Stored items:
[Start of section]
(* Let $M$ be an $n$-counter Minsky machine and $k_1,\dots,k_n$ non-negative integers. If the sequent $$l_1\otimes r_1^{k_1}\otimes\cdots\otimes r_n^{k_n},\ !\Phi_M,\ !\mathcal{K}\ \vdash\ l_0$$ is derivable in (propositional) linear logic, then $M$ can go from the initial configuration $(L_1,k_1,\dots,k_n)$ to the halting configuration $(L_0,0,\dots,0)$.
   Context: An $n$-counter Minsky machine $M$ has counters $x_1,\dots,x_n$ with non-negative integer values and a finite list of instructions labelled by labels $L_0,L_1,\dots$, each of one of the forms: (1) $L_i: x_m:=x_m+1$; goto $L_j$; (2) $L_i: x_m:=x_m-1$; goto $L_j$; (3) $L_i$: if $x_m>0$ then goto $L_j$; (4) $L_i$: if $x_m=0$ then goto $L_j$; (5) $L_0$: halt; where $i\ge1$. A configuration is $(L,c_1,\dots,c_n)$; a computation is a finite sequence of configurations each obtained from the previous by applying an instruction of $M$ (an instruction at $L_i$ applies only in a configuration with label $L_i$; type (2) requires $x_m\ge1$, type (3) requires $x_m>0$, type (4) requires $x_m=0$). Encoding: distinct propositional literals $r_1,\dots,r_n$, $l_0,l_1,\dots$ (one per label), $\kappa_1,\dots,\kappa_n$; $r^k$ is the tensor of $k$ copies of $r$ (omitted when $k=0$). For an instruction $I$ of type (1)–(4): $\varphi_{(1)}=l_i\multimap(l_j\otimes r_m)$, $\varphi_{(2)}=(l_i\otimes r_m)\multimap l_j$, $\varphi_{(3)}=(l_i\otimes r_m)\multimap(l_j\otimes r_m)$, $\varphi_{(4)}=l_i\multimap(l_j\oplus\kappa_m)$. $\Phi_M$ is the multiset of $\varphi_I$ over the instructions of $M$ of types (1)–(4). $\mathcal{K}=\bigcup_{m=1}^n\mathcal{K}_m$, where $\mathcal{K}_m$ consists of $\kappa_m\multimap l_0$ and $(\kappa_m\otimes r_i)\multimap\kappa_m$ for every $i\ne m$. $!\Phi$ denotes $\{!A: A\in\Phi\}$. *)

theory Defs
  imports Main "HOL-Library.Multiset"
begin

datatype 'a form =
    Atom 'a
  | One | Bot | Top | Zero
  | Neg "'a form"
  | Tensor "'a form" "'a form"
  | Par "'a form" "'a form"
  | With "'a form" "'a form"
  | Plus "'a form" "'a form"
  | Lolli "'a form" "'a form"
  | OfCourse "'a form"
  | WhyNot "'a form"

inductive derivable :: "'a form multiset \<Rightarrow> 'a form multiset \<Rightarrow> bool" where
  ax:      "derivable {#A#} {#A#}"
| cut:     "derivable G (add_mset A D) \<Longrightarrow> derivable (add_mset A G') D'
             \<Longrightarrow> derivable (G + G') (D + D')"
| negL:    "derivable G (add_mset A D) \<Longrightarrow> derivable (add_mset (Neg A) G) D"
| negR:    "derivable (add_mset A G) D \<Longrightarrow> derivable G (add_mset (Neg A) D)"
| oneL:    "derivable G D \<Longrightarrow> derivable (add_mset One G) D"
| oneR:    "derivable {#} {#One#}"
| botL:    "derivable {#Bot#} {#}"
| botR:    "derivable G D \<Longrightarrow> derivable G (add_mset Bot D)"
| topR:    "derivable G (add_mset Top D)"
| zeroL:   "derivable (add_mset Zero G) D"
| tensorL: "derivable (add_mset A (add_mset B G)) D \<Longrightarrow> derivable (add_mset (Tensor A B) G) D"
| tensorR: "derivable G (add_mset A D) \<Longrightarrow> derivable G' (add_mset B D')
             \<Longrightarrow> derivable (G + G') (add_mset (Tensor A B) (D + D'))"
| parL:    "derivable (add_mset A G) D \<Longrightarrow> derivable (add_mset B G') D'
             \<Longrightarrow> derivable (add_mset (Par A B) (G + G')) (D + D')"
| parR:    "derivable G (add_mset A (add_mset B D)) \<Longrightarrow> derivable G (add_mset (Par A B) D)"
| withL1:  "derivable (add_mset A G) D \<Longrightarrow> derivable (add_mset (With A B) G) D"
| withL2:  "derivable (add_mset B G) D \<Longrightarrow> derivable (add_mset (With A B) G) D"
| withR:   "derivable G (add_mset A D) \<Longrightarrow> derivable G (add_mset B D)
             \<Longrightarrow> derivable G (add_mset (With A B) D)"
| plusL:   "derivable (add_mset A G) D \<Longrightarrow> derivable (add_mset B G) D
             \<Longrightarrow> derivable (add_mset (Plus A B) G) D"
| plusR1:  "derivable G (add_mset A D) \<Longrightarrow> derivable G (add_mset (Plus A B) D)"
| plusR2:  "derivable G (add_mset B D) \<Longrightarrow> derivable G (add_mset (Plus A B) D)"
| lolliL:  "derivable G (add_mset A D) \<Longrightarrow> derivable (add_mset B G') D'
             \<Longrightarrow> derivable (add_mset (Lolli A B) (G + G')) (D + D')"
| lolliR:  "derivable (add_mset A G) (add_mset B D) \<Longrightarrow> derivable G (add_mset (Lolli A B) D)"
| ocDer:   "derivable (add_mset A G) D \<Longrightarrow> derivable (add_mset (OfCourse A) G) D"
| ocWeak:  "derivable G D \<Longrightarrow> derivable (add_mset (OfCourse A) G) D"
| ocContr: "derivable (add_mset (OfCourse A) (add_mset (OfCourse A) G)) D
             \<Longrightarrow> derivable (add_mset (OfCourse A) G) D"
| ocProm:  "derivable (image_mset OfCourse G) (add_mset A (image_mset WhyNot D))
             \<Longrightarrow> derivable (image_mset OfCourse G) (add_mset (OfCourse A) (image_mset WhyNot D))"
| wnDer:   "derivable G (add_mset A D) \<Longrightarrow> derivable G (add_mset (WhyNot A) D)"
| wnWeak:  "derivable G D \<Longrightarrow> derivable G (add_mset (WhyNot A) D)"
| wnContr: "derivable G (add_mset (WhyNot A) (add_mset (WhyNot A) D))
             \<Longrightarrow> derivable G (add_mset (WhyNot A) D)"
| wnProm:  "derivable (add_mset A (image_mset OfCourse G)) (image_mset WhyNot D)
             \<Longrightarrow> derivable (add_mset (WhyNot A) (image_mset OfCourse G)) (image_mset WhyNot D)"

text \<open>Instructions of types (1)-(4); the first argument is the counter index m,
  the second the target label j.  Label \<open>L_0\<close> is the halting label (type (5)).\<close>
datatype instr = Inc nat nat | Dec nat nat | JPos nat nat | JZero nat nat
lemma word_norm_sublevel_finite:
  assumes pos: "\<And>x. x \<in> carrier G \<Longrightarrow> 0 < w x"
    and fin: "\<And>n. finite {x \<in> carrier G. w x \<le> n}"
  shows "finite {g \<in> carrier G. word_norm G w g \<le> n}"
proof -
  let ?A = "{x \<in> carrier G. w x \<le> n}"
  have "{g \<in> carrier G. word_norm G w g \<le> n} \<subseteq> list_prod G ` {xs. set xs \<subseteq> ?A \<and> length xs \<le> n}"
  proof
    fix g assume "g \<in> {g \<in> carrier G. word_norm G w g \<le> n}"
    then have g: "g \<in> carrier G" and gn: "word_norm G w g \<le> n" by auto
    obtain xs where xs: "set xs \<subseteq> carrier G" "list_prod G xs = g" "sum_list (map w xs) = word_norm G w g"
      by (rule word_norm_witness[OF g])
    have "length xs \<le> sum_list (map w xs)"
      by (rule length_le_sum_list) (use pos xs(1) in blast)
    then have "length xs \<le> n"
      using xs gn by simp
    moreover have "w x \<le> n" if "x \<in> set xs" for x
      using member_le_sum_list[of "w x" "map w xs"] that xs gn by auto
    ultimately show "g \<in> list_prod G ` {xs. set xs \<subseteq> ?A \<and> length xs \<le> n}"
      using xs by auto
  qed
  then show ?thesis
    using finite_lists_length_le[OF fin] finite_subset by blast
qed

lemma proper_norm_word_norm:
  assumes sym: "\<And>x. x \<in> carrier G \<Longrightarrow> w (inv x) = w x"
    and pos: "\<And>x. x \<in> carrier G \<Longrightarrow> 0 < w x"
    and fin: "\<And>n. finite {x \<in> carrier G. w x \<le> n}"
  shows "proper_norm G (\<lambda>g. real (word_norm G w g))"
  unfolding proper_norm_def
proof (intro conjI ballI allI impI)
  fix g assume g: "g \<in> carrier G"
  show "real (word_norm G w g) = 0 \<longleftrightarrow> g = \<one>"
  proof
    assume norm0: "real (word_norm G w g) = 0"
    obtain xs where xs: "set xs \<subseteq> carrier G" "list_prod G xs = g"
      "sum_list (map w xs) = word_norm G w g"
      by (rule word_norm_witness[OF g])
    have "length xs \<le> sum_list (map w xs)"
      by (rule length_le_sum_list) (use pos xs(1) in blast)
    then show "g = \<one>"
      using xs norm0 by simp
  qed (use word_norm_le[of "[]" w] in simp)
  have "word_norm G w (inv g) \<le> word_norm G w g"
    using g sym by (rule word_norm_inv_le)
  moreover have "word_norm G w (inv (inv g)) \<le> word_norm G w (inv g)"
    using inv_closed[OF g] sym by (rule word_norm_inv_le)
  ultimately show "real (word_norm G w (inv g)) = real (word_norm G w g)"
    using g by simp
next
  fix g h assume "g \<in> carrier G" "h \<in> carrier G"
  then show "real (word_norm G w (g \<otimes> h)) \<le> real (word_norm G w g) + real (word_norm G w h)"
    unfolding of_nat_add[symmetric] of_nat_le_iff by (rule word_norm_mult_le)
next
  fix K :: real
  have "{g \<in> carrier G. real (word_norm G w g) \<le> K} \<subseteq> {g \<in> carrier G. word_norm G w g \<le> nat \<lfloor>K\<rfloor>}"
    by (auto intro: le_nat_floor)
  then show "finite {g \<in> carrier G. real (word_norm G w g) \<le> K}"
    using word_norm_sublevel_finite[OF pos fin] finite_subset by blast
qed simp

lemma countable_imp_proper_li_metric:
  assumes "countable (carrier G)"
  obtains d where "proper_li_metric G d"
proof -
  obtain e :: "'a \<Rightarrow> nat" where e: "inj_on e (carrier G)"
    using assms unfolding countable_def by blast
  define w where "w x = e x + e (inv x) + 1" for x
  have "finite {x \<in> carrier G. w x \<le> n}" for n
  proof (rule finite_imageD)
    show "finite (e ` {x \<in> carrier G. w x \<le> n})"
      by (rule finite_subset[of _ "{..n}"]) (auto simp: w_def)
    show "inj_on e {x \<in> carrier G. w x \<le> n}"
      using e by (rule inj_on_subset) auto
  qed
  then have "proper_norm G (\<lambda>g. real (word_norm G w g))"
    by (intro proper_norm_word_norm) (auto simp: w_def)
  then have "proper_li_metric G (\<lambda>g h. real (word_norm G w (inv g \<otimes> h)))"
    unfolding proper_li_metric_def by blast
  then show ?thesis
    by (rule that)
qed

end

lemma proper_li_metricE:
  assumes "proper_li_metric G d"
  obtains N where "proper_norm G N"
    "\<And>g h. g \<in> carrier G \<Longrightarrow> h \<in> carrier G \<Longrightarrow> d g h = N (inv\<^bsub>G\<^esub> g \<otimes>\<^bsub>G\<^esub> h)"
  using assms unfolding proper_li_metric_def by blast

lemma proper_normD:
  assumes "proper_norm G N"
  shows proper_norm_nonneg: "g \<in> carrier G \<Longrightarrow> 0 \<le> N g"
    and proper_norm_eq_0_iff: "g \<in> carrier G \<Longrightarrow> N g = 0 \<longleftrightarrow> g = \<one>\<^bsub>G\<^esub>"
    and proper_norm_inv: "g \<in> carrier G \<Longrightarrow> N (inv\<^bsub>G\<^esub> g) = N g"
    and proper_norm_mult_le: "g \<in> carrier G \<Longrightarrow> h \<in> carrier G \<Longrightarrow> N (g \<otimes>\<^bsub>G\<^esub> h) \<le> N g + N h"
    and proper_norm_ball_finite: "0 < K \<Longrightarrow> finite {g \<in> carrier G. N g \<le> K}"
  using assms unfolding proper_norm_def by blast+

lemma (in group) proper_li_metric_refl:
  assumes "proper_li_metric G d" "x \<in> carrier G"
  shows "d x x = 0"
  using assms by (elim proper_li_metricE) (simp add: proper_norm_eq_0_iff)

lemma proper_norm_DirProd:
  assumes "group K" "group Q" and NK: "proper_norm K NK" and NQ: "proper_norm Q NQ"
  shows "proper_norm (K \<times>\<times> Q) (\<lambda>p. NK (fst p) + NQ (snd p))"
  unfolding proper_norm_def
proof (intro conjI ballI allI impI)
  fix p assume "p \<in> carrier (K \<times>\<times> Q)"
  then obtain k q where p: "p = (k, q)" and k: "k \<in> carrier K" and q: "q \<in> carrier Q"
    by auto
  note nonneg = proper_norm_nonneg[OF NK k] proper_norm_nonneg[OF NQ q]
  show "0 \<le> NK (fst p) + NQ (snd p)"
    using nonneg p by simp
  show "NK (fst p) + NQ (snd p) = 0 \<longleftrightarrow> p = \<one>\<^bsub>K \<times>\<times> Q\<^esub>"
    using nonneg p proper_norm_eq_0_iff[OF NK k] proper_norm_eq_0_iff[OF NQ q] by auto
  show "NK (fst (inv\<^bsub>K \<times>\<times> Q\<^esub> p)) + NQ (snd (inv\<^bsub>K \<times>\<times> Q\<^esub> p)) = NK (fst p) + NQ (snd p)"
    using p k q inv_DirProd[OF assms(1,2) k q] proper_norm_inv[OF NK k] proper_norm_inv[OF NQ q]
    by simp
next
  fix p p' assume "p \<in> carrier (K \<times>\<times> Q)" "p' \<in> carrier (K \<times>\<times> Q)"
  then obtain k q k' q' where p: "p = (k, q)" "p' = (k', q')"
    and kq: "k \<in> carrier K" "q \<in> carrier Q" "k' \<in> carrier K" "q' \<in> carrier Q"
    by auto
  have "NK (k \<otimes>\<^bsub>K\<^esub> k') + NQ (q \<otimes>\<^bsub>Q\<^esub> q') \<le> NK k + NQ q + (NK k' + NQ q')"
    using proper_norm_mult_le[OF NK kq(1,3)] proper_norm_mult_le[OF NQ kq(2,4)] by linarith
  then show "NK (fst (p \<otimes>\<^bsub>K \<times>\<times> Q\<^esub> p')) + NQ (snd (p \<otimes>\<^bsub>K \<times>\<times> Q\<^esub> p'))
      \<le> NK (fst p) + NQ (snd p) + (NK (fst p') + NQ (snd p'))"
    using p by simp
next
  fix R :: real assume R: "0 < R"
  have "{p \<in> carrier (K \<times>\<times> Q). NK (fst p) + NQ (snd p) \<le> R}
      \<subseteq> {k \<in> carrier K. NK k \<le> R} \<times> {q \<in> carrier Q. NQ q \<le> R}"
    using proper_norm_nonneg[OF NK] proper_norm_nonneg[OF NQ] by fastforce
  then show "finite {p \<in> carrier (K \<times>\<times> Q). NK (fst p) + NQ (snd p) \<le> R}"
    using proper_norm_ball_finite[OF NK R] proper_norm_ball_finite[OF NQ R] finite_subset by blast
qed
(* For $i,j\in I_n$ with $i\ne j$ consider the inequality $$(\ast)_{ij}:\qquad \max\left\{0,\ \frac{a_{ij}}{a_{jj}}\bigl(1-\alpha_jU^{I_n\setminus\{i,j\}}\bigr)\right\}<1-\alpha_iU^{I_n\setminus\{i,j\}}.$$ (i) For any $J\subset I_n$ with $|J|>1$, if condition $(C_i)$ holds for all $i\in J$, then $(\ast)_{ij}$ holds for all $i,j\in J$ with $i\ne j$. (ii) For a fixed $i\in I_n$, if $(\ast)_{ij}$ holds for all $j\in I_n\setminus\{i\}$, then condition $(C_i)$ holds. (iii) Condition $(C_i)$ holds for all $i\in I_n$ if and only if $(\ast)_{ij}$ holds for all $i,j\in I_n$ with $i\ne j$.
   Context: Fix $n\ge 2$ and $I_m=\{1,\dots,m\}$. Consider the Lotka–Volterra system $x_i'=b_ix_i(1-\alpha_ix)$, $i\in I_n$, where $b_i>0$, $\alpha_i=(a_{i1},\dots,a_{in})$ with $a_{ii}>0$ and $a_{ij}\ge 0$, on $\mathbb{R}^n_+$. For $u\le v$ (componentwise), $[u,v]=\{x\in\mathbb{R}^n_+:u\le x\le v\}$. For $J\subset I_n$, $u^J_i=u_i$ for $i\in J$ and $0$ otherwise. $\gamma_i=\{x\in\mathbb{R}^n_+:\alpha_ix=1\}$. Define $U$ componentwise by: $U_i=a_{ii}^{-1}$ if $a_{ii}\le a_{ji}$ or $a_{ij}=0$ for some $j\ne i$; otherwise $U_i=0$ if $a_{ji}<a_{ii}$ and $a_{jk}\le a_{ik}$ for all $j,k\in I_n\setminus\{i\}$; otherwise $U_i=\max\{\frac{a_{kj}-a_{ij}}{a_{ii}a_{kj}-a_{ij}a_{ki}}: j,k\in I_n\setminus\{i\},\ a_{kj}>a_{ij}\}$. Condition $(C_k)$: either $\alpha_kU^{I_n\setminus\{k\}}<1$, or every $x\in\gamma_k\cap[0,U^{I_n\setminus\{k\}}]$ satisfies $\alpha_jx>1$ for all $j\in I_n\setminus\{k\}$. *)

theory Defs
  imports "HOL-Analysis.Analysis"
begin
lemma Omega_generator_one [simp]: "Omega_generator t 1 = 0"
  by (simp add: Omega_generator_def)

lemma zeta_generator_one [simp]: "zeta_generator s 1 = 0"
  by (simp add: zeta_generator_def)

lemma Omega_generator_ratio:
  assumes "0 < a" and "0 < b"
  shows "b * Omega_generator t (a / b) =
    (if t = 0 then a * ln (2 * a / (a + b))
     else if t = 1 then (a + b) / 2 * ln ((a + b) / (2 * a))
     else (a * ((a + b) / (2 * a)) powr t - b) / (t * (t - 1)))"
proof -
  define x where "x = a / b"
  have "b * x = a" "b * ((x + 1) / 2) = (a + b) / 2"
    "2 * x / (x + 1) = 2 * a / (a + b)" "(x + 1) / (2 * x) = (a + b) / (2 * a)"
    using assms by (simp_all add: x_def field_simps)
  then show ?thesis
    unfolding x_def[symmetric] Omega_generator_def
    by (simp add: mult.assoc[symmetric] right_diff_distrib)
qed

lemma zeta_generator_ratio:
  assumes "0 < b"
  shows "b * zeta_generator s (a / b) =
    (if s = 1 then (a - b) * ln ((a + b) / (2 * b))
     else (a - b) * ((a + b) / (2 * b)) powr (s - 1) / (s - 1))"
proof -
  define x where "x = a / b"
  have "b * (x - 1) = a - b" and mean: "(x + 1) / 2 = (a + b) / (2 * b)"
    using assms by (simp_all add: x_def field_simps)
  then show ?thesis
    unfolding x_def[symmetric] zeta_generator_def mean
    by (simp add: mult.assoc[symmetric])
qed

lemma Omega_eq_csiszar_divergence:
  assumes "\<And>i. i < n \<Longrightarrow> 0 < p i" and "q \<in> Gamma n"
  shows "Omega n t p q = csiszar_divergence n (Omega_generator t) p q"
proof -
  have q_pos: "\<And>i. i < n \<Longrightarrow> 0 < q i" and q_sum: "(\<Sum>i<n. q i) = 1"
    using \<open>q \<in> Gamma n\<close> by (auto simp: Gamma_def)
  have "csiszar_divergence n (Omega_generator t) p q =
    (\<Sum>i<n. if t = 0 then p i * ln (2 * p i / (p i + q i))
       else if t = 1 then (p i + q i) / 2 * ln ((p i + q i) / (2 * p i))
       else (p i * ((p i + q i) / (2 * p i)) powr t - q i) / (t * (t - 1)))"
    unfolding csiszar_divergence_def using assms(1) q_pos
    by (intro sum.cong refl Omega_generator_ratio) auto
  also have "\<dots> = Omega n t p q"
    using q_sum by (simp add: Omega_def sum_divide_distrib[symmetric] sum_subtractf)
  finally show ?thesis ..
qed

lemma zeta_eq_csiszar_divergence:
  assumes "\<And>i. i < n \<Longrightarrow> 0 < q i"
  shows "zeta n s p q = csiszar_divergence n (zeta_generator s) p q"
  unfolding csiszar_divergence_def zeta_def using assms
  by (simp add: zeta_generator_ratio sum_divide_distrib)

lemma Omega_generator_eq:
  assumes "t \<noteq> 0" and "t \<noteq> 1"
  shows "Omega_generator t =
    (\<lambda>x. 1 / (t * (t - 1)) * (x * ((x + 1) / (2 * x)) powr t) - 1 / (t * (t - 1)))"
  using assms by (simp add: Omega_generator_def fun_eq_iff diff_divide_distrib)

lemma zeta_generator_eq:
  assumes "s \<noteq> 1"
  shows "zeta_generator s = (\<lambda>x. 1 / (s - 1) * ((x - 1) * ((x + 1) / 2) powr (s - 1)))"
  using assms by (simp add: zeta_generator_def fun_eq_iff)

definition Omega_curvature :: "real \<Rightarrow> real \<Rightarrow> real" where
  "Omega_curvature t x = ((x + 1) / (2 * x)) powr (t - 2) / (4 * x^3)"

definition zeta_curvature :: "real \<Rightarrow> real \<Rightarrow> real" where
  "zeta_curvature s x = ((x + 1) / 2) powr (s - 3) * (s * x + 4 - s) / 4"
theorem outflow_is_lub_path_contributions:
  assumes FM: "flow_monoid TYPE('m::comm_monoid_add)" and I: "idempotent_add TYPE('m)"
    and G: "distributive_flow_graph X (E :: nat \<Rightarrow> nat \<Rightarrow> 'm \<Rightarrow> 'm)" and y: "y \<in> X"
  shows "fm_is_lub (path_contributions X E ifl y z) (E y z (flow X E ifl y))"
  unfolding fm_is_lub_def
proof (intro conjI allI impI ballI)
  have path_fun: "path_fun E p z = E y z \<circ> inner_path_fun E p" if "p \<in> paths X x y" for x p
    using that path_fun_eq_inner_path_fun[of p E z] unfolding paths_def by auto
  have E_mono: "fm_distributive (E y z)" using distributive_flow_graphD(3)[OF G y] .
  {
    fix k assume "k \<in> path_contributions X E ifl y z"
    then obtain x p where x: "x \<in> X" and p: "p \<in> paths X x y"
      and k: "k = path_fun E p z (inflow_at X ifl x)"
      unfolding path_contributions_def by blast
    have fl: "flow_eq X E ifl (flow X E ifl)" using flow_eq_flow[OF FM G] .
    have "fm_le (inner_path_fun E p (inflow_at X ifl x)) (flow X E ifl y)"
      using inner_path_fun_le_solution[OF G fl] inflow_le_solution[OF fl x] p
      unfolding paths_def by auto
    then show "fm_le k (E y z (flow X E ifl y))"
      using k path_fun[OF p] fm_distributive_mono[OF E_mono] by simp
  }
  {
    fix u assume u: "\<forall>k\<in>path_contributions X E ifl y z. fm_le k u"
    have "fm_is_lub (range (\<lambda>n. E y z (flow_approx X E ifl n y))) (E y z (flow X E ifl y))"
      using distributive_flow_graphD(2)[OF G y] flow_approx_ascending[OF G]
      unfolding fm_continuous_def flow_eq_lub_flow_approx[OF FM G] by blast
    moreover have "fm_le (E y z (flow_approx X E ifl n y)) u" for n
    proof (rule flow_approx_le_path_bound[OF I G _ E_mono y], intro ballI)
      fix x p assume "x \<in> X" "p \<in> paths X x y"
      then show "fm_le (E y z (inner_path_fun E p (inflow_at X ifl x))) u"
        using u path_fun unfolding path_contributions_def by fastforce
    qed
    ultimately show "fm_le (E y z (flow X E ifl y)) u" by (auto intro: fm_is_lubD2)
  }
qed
[End of section]
- [WORK INSTRUCTIONS]
Pull out all lines in the data above that include "ultimately".

- [RESULT FOR THIS TASK]
    ultimately show "g \<in> list_prod G ` {xs. set xs \<subseteq> ?A \<and> length xs \<le> n}"
  ultimately show "real (word_norm G w (inv g)) = real (word_norm G w g)"
    ultimately show "fm_le (E y z (flow X E ifl y)) u" by (auto intro: fm_is_lubD2)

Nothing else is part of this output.